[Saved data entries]
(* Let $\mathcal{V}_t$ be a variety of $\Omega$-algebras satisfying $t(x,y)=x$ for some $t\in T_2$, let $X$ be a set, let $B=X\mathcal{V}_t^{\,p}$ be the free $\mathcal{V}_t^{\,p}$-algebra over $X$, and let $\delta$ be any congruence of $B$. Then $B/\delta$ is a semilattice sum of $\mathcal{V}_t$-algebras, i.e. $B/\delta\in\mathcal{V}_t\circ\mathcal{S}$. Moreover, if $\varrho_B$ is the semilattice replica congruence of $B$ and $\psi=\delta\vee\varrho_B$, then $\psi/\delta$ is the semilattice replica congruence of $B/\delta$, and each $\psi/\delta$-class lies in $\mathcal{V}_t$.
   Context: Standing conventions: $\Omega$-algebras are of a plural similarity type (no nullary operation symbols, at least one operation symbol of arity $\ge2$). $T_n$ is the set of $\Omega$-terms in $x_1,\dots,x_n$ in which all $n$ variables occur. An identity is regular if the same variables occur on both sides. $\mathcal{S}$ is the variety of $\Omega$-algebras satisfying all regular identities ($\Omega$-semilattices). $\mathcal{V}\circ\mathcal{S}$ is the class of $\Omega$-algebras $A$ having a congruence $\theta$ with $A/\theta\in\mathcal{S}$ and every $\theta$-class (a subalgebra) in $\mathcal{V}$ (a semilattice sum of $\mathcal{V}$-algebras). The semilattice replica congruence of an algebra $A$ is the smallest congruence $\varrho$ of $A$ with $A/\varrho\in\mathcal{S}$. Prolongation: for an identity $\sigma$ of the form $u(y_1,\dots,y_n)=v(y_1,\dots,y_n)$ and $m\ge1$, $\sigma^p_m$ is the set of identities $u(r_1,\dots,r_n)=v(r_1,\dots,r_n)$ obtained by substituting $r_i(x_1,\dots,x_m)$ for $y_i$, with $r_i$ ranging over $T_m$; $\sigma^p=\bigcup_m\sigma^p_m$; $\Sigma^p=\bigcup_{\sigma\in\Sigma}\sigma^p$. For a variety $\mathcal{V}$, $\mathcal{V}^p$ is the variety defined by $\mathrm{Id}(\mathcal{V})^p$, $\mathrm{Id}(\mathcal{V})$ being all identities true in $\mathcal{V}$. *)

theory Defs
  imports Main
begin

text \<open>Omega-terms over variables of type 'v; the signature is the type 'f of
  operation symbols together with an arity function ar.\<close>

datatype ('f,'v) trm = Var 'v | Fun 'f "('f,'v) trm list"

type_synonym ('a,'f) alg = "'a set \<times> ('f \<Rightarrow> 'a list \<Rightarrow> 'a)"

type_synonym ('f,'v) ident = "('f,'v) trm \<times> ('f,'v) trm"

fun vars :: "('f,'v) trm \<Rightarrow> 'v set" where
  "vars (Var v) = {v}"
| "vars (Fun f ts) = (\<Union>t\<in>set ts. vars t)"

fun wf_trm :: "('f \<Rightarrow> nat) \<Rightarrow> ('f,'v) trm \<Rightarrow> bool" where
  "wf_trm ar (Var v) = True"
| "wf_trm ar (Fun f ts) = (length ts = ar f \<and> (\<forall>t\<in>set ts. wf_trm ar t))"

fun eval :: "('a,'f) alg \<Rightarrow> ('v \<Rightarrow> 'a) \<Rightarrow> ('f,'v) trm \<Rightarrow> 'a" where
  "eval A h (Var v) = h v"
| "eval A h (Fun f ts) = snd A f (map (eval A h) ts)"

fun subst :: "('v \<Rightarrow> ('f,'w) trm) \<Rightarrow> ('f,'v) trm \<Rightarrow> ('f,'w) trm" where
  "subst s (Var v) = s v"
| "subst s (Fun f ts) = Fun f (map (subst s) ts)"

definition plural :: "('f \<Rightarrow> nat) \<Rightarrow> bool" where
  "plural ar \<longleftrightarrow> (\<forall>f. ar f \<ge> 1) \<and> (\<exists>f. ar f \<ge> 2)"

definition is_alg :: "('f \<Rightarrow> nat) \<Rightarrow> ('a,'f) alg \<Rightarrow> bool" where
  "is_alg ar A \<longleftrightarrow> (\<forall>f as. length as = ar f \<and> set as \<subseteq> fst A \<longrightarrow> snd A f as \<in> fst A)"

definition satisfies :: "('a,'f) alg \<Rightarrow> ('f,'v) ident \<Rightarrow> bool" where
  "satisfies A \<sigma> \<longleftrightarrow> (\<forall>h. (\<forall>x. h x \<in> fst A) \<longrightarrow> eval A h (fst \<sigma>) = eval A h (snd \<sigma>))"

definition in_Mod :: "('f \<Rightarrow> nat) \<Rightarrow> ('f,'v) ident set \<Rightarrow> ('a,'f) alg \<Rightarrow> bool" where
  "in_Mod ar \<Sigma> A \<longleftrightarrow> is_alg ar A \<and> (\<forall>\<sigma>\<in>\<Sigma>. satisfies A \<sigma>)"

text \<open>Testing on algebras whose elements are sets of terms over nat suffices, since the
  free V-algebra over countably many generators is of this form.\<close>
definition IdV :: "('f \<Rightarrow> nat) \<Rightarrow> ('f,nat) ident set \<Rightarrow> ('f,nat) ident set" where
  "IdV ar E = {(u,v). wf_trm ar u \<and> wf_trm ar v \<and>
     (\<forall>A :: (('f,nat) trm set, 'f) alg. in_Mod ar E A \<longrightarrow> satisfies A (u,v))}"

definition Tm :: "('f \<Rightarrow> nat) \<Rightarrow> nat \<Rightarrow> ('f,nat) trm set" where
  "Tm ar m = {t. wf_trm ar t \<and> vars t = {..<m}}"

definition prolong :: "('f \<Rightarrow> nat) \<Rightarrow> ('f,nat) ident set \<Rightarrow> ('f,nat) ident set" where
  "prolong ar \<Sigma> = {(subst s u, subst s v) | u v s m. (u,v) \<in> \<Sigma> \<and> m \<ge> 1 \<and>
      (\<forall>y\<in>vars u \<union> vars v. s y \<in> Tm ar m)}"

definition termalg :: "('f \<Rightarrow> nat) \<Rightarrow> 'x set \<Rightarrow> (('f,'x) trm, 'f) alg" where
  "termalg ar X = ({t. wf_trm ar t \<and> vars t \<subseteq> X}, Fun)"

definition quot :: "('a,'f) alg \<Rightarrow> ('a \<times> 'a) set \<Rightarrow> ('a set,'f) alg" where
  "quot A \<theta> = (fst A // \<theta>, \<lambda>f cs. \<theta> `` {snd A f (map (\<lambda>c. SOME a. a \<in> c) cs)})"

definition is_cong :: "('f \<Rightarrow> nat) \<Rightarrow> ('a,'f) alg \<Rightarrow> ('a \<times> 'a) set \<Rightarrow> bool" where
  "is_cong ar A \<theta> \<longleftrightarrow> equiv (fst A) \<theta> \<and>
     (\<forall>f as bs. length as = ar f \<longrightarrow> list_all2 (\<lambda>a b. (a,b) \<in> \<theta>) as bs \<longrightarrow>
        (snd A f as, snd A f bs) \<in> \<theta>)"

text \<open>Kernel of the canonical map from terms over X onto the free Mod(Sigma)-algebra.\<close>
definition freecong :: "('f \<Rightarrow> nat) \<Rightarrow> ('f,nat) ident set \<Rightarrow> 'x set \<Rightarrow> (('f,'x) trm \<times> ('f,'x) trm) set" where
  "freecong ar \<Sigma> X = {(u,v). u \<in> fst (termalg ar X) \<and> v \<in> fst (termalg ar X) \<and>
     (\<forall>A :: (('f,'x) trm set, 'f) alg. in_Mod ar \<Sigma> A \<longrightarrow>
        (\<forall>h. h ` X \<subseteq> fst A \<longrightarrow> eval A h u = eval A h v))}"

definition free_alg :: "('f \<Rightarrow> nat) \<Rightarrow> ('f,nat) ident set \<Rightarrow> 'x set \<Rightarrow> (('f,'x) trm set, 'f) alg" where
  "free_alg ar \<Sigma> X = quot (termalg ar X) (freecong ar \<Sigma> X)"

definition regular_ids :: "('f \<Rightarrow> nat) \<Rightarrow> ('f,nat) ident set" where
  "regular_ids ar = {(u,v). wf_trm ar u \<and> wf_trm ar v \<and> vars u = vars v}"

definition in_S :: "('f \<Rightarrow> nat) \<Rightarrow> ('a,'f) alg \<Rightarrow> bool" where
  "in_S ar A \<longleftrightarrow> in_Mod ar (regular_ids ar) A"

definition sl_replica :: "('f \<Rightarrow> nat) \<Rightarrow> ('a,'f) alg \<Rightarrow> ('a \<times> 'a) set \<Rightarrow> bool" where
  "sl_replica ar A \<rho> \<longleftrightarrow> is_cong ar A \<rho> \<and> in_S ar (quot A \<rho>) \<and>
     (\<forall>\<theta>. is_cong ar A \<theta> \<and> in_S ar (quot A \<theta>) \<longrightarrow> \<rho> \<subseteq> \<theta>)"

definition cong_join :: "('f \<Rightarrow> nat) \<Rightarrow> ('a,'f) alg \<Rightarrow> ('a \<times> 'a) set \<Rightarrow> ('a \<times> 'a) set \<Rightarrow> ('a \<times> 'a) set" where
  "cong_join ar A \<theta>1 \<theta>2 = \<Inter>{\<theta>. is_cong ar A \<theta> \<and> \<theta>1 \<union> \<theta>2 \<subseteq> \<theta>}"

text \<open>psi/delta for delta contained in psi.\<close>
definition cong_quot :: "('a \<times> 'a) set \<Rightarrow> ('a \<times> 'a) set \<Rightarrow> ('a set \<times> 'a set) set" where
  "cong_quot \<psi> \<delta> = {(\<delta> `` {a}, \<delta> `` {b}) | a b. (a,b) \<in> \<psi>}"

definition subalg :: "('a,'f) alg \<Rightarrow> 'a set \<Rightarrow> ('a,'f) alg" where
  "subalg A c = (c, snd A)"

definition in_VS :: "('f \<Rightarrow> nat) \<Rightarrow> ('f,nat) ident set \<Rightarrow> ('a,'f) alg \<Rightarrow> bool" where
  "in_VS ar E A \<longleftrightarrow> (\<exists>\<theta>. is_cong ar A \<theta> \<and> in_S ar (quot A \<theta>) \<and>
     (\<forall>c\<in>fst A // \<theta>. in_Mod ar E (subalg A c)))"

---

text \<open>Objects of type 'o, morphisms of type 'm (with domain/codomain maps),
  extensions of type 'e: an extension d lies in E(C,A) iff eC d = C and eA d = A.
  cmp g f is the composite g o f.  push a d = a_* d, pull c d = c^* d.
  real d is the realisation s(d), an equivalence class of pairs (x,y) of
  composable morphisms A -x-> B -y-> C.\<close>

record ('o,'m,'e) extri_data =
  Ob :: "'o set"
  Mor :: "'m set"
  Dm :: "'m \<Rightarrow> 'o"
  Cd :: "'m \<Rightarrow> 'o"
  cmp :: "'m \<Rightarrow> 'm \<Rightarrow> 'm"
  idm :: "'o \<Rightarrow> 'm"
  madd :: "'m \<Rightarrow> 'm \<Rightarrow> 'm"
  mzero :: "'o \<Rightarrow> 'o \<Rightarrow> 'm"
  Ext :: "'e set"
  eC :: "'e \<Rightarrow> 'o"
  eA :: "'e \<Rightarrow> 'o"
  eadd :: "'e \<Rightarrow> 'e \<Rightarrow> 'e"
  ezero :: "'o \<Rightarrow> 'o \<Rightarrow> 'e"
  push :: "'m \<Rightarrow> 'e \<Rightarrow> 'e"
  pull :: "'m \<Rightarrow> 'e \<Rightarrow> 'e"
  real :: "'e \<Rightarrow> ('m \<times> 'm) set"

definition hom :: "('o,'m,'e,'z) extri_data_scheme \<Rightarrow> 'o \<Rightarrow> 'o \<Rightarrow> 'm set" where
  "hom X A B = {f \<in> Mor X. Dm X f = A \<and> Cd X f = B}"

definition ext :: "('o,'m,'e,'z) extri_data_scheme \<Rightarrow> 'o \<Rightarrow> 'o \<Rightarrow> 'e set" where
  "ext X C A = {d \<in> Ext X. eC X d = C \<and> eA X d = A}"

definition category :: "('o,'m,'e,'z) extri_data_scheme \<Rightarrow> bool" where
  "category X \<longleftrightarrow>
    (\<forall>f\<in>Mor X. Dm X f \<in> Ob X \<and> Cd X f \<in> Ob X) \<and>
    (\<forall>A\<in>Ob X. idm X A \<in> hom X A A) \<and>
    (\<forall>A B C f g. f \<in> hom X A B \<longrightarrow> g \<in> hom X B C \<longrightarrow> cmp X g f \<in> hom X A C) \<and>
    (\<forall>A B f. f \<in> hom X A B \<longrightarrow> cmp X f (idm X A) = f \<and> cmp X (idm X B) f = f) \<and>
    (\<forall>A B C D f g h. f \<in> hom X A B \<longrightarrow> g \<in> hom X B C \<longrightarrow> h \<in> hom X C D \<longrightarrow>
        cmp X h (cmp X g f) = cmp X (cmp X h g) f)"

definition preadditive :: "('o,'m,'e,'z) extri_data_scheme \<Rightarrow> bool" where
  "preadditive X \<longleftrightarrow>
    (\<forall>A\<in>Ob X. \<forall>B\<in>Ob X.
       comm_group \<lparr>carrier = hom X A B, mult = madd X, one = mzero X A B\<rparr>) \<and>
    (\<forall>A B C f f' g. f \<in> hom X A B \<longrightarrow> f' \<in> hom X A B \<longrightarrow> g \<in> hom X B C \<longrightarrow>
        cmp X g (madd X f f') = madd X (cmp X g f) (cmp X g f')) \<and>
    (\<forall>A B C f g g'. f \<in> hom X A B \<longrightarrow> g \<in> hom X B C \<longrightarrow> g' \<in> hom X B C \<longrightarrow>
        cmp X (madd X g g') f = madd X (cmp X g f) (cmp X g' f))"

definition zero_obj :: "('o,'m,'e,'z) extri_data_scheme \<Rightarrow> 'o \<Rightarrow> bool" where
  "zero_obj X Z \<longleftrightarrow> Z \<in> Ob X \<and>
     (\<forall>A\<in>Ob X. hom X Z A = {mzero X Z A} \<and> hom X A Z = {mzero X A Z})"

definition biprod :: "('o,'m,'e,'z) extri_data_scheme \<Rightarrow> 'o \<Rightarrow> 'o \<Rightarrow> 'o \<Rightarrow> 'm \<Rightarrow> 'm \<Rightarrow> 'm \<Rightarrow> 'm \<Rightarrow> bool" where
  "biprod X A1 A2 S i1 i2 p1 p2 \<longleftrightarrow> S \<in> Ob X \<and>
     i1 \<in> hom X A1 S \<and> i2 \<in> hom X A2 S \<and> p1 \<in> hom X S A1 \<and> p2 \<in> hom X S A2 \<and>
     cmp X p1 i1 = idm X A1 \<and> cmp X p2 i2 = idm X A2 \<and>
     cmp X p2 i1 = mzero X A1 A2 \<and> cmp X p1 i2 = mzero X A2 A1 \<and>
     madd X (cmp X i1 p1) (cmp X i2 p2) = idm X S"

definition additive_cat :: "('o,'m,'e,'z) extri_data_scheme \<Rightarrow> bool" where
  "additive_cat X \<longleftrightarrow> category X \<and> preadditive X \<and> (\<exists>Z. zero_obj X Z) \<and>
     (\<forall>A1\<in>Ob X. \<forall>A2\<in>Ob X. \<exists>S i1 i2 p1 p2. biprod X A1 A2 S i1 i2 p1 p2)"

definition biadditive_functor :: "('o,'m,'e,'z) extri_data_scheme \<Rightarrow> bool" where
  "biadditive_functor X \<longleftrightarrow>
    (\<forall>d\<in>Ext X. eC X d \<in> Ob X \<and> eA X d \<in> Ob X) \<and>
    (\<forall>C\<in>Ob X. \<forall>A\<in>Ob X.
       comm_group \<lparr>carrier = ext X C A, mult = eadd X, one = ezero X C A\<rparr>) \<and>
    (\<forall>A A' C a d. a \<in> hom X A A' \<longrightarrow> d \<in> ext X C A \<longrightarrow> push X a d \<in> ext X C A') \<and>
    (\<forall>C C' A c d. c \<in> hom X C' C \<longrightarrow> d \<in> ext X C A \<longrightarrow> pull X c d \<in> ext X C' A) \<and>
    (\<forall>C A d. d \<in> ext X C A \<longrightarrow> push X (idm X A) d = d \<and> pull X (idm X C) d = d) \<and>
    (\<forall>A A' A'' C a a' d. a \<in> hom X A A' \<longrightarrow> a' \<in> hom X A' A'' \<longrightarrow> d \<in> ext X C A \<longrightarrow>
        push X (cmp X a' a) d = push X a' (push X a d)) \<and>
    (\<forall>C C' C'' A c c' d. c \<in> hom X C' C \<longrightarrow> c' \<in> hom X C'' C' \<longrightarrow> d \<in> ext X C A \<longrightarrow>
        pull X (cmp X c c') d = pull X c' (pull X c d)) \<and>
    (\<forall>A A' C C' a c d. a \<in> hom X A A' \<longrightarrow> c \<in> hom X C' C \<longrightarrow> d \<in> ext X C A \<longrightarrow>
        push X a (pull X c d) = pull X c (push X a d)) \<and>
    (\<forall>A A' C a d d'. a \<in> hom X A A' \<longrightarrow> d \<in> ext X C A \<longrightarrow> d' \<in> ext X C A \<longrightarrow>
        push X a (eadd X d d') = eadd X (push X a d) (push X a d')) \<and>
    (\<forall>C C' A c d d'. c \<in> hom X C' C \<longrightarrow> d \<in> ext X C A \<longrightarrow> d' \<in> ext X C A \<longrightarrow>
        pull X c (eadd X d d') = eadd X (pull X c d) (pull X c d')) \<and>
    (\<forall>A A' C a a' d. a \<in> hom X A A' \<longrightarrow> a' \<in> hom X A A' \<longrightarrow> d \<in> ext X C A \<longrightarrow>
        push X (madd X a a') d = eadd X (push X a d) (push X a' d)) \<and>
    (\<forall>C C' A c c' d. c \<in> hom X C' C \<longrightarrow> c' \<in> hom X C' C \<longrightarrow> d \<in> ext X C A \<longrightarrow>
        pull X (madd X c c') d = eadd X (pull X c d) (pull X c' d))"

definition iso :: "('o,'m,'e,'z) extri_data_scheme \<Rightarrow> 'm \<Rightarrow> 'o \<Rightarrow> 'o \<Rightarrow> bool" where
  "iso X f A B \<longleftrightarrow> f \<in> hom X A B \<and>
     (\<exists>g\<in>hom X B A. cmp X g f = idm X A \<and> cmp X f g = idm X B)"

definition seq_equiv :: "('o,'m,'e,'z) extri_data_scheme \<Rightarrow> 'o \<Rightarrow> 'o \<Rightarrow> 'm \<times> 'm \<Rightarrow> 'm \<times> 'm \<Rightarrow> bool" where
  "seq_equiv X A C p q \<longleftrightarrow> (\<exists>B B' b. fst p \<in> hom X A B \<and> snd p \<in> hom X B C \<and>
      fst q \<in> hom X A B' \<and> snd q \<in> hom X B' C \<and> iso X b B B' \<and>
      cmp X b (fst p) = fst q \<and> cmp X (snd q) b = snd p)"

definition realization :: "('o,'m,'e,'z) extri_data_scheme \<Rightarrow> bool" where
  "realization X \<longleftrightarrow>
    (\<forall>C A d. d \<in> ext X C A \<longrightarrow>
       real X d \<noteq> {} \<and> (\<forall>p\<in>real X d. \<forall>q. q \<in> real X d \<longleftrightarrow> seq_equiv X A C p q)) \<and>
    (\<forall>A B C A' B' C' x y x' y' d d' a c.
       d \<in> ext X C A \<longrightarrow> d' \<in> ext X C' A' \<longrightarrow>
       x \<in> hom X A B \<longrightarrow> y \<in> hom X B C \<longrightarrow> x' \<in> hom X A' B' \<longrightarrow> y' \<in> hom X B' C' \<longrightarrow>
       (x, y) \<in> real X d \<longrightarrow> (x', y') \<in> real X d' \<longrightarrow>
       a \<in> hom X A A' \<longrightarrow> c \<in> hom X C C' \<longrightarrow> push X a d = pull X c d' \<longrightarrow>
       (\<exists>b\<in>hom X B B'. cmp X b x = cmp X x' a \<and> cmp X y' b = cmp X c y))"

WORK INSTRUCTION → For every line of the records above that holds the word "category", count one, and state the total only.

ANSWER TO THIS EXERCISE → 3